lemma nn_integral_inverse_interval:
  fixes a b m :: real
  assumes "0 < a" "a \<le> b" "0 \<le> m"
  shows "(\<integral>\<^sup>+ t. ennreal (indicator {a..b} t * (m / t)) \<partial>lborel) = ennreal (m * ln b - m * ln a)"
proof (rule nn_integral_has_integral_lebesgue)
  show "((\<lambda>t. m / t) has_integral m * ln b - m * ln a) {a..b}"
  proof (rule fundamental_theorem_of_calculus[OF \<open>a \<le> b\<close>])
    fix t
    assume "t \<in> {a..b}"
    with \<open>0 < a\<close> have "0 < t"
      by simp
    then show "((\<lambda>t. m * ln t) has_vector_derivative m / t) (at t within {a..b})"
      by (auto intro!: derivative_eq_intros simp: has_real_derivative_iff_has_vector_derivative[symmetric])
  qed
qed (use assms in auto)

lemma nn_integral_inverse_at_0_infinite:
  assumes "0 < \<delta>" "0 < m"
  shows "(\<integral>\<^sup>+ t. indicator {0<..\<delta>} t * ennreal (m / t) \<partial>lborel) = \<infinity>"
    (is "?I = \<infinity>")
proof -
  have ln_le: "ennreal (m * ln \<delta> - m * ln \<epsilon>) \<le> ?I" if "0 < \<epsilon>" "\<epsilon> \<le> \<delta>" for \<epsilon>
  proof -
    have "(\<integral>\<^sup>+ t. ennreal (indicator {\<epsilon>..\<delta>} t * (m / t)) \<partial>lborel) = ennreal (m * ln \<delta> - m * ln \<epsilon>)"
      using that \<open>0 < m\<close> by (intro nn_integral_inverse_interval) auto
    moreover have "(\<integral>\<^sup>+ t. ennreal (indicator {\<epsilon>..\<delta>} t * (m / t)) \<partial>lborel) \<le> ?I"
      using \<open>0 < \<epsilon>\<close> by (intro nn_integral_mono) (auto split: split_indicator)
    ultimately show ?thesis
      by simp
  qed
  show ?thesis
  proof (rule ccontr)
    assume "?I \<noteq> \<infinity>"
    then have "?I < \<infinity>"
      by (simp add: top.not_eq_extremum)
    then obtain r where "0 \<le> r" and r: "?I = ennreal r"
      by (auto simp: less_top_ennreal)
    define \<epsilon> where "\<epsilon> = \<delta> * exp (- (r + 1) / m)"
    have "exp (- (r + 1) / m) \<le> 1"
      using \<open>0 \<le> r\<close> \<open>0 < m\<close> by (simp add: divide_nonpos_pos)
    then have "0 < \<epsilon>" "\<epsilon> \<le> \<delta>"
      using \<open>0 < \<delta>\<close> by (simp_all add: \<epsilon>_def mult_left_le)
    moreover have "m * ln \<delta> - m * ln \<epsilon> = r + 1"
      using assms by (simp add: \<epsilon>_def ln_mult distrib_left)
    ultimately have "ennreal (r + 1) \<le> ennreal r"
      using ln_le[of \<epsilon>] r by simp
    with \<open>0 \<le> r\<close> show False
      by (simp add: ennreal_le_iff)
  qed
qed

theorem lemmaB3:
  fixes S :: "real \<Rightarrow> ('a::{real_inner, complete_space} \<Rightarrow>\<^sub>L 'a)"
    and A :: "'a \<Rightarrow> 'a" and DA :: "'a set"
    and Q :: "'a \<Rightarrow>\<^sub>L 'a" and M0 w \<gamma>0 :: real
  assumes nontriv: "\<exists>x::'a. x \<noteq> 0"
    and sep: "separable_space (euclidean :: 'a topology)"
    and gen: "is_generator S DA (\<lambda>x. - A x)"
    and M0: "M0 \<ge> 1" and w: "w > 0"
    and bound: "\<forall>t\<ge>0. norm (S t) \<le> M0 * exp (- w * t)"
    and Q: "pos_def_op Q"
    and \<gamma>0: "\<gamma>0 \<le> 1/2"
  shows "(\<integral>\<^sup>+ t. indicator {0<..} t *
            hs_norm_sq ((t powr (\<gamma>0 - 1)) *\<^sub>R (S t o\<^sub>L op_sqrt Q)) \<partial>lborel) = \<infinity>"
proof -
  obtain e where e: "e \<in> (SOME B. orthonormal_basis B)" and "op_sqrt Q e \<noteq> 0"
    using some_orthonormal_basis_unit_vector[OF sep nontriv] op_sqrt_apply_nonzero[OF Q]
    by (metis norm_zero zero_neq_one)
  define m where "m = (norm (op_sqrt Q e))\<^sup>2 / 4"
  have "0 < m"
    using \<open>op_sqrt Q e \<noteq> 0\<close> by (simp add: m_def)
  have "c0_semigroup S"
    using gen by (simp add: is_generator_def)
  then obtain \<delta> where "0 < \<delta>" "\<delta> \<le> 1"
    and near_0: "\<And>t. 0 < t \<Longrightarrow> t \<le> \<delta> \<Longrightarrow> m \<le> (norm ((S t o\<^sub>L op_sqrt Q) e))\<^sup>2"
    using c0_semigroup_norm_bound_near_0[of S "op_sqrt Q e"] \<open>op_sqrt Q e \<noteq> 0\<close>
    unfolding m_def by auto
  have "indicator {0<..\<delta>} t * ennreal (m / t)
      \<le> indicator {0<..} t * hs_norm_sq ((t powr (\<gamma>0 - 1)) *\<^sub>R (S t o\<^sub>L op_sqrt Q))" for t
    using hs_norm_sq_powr_scaleR_ge[OF e, of t \<gamma>0 m] near_0[of t] \<open>\<delta> \<le> 1\<close> \<gamma>0
    by (cases "0 < t \<and> t \<le> \<delta>") (auto split: split_indicator)
  then have "(\<integral>\<^sup>+ t. indicator {0<..\<delta>} t * ennreal (m / t) \<partial>lborel)
      \<le> (\<integral>\<^sup>+ t. indicator {0<..} t *
            hs_norm_sq ((t powr (\<gamma>0 - 1)) *\<^sub>R (S t o\<^sub>L op_sqrt Q)) \<partial>lborel)"
    by (rule nn_integral_mono)
  then show ?thesis
    using nn_integral_inverse_at_0_infinite[OF \<open>0 < \<delta>\<close> \<open>0 < m\<close>] by (simp add: top_unique)
qed

end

------

Please report every line of the records above that contains the word "ultimately".

    ultimately show ?thesis
    ultimately have "ennreal (r + 1) \<le> ennreal r"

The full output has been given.